YOUR TASK ▸ Lines to restate from the data below: from the one containing "(* Let $r>0$" to the one containing "text \<open>The hyperbolic", both included. Give them again exactly, and only them.

AVAILABLE DATA ▸

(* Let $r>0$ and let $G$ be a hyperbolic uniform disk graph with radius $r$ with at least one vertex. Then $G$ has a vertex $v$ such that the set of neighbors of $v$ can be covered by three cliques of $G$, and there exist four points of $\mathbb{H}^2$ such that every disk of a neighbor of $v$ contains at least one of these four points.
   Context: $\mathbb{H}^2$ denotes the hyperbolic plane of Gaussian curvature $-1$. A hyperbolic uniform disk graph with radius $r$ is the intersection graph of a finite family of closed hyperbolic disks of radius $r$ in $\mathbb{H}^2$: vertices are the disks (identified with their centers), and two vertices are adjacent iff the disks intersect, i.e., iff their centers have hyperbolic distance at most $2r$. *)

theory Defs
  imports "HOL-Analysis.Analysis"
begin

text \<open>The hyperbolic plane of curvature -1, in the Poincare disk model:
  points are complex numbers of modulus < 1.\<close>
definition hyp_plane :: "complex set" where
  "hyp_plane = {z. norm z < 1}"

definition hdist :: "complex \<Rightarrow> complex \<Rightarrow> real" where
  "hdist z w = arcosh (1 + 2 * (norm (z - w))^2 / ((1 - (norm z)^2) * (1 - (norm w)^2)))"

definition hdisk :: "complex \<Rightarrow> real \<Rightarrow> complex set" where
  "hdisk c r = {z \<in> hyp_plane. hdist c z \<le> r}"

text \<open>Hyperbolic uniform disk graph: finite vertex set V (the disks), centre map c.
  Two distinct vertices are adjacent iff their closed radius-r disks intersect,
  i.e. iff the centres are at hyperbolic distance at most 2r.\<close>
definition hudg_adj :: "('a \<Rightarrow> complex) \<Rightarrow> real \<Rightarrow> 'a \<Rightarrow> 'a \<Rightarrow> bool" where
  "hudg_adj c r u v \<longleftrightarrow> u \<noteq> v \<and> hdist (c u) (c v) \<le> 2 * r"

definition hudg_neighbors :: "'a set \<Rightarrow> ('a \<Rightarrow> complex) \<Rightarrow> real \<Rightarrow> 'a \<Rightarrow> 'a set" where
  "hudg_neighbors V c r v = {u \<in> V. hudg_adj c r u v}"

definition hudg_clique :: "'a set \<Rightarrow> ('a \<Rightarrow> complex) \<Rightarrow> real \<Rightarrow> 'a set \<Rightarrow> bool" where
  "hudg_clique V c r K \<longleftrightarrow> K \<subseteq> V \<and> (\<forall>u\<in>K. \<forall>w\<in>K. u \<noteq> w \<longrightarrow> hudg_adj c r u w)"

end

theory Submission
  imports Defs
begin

---

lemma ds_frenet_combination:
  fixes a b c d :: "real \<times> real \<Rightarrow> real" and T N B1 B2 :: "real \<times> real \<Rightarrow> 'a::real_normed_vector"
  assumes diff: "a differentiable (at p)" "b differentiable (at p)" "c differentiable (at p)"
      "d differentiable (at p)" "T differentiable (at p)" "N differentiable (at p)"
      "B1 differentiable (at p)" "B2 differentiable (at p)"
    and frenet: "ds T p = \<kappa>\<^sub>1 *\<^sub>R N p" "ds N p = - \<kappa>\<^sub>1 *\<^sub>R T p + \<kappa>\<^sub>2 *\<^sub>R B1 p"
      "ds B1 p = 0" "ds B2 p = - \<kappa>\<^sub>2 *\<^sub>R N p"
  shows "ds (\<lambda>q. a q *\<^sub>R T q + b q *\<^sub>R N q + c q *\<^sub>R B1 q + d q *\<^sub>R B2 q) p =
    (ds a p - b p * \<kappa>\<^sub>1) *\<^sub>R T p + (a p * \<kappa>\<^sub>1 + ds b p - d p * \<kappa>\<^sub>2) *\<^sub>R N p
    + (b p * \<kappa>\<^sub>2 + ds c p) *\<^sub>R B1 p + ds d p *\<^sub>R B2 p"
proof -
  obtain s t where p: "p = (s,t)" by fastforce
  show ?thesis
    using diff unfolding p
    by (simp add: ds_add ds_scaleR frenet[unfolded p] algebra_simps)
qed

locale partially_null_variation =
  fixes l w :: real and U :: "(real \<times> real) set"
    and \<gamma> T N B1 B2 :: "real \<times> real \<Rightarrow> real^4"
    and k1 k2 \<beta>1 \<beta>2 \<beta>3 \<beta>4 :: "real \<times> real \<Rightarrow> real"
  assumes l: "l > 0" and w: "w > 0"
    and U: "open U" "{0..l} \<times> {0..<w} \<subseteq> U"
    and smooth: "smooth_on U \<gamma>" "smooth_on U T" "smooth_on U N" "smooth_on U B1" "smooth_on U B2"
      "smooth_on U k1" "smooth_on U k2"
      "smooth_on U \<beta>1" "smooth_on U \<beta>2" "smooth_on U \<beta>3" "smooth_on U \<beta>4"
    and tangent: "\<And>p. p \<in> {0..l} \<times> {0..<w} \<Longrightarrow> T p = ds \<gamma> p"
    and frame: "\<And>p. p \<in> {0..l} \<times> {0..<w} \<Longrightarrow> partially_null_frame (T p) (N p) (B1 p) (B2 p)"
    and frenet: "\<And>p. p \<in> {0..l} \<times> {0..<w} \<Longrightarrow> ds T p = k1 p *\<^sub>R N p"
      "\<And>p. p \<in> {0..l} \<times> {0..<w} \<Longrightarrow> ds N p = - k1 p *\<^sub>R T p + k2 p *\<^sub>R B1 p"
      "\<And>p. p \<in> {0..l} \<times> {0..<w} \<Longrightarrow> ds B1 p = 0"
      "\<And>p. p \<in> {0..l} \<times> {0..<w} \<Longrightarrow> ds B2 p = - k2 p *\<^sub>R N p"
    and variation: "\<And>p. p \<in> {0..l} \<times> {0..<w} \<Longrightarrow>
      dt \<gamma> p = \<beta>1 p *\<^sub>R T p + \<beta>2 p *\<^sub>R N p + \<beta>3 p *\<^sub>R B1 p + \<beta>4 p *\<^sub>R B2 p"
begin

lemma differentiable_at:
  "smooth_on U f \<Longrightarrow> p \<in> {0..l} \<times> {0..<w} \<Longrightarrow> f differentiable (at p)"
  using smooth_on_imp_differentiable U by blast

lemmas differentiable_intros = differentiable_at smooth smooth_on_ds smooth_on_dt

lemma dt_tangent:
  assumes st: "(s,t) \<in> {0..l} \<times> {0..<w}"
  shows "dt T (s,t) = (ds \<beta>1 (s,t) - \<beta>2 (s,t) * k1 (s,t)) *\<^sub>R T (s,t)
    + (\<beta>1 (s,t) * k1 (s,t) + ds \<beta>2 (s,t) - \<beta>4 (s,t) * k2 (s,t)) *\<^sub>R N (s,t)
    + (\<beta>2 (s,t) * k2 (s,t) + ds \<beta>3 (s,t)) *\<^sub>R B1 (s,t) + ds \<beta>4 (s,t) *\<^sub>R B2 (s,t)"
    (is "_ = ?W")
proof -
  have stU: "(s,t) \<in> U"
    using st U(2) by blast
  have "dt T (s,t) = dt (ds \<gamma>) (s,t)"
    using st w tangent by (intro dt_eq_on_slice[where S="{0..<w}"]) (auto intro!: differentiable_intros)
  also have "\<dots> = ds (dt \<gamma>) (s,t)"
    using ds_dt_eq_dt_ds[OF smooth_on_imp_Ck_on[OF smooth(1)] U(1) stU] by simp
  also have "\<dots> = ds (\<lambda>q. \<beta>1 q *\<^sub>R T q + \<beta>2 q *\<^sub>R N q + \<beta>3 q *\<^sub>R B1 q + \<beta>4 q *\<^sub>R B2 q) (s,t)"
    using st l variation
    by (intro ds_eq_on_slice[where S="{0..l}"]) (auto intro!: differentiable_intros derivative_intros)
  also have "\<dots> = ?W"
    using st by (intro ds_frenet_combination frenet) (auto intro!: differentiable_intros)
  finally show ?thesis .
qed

EXPECTED ANSWER ▸
(* Let $r>0$ and let $G$ be a hyperbolic uniform disk graph with radius $r$ with at least one vertex. Then $G$ has a vertex $v$ such that the set of neighbors of $v$ can be covered by three cliques of $G$, and there exist four points of $\mathbb{H}^2$ such that every disk of a neighbor of $v$ contains at least one of these four points.
   Context: $\mathbb{H}^2$ denotes the hyperbolic plane of Gaussian curvature $-1$. A hyperbolic uniform disk graph with radius $r$ is the intersection graph of a finite family of closed hyperbolic disks of radius $r$ in $\mathbb{H}^2$: vertices are the disks (identified with their centers), and two vertices are adjacent iff the disks intersect, i.e., iff their centers have hyperbolic distance at most $2r$. *)

theory Defs
  imports "HOL-Analysis.Analysis"
begin

text \<open>The hyperbolic plane of curvature -1, in the Poincare disk model:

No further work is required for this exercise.